**ACTIVITY**
Lines with the word "shows" in them are the ones to copy from the records.

**PROVIDED MATERIAL**
····················
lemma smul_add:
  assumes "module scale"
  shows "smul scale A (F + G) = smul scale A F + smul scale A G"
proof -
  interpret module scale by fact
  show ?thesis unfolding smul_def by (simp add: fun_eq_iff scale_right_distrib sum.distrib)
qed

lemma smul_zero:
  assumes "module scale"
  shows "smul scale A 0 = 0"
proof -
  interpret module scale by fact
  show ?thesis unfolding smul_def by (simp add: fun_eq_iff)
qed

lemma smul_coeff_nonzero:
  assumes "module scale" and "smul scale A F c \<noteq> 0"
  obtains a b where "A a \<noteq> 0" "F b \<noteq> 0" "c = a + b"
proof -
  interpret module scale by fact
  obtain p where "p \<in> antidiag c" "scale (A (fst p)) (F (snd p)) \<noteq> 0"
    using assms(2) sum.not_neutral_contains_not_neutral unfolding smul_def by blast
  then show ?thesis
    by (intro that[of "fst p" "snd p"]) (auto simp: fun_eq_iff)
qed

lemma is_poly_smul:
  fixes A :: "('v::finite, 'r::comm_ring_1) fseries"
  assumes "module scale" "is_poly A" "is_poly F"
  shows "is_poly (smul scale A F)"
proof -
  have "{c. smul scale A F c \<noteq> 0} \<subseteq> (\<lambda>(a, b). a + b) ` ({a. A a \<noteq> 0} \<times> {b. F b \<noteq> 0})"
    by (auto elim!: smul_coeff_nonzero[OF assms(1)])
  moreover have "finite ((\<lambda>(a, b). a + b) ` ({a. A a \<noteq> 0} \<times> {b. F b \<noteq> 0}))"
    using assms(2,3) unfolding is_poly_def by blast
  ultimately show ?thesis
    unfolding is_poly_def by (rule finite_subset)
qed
····················
**RESPONSE BOX**
  shows "smul scale A (F + G) = smul scale A F + smul scale A G"
  shows "smul scale A 0 = 0"
  shows "is_poly (smul scale A F)"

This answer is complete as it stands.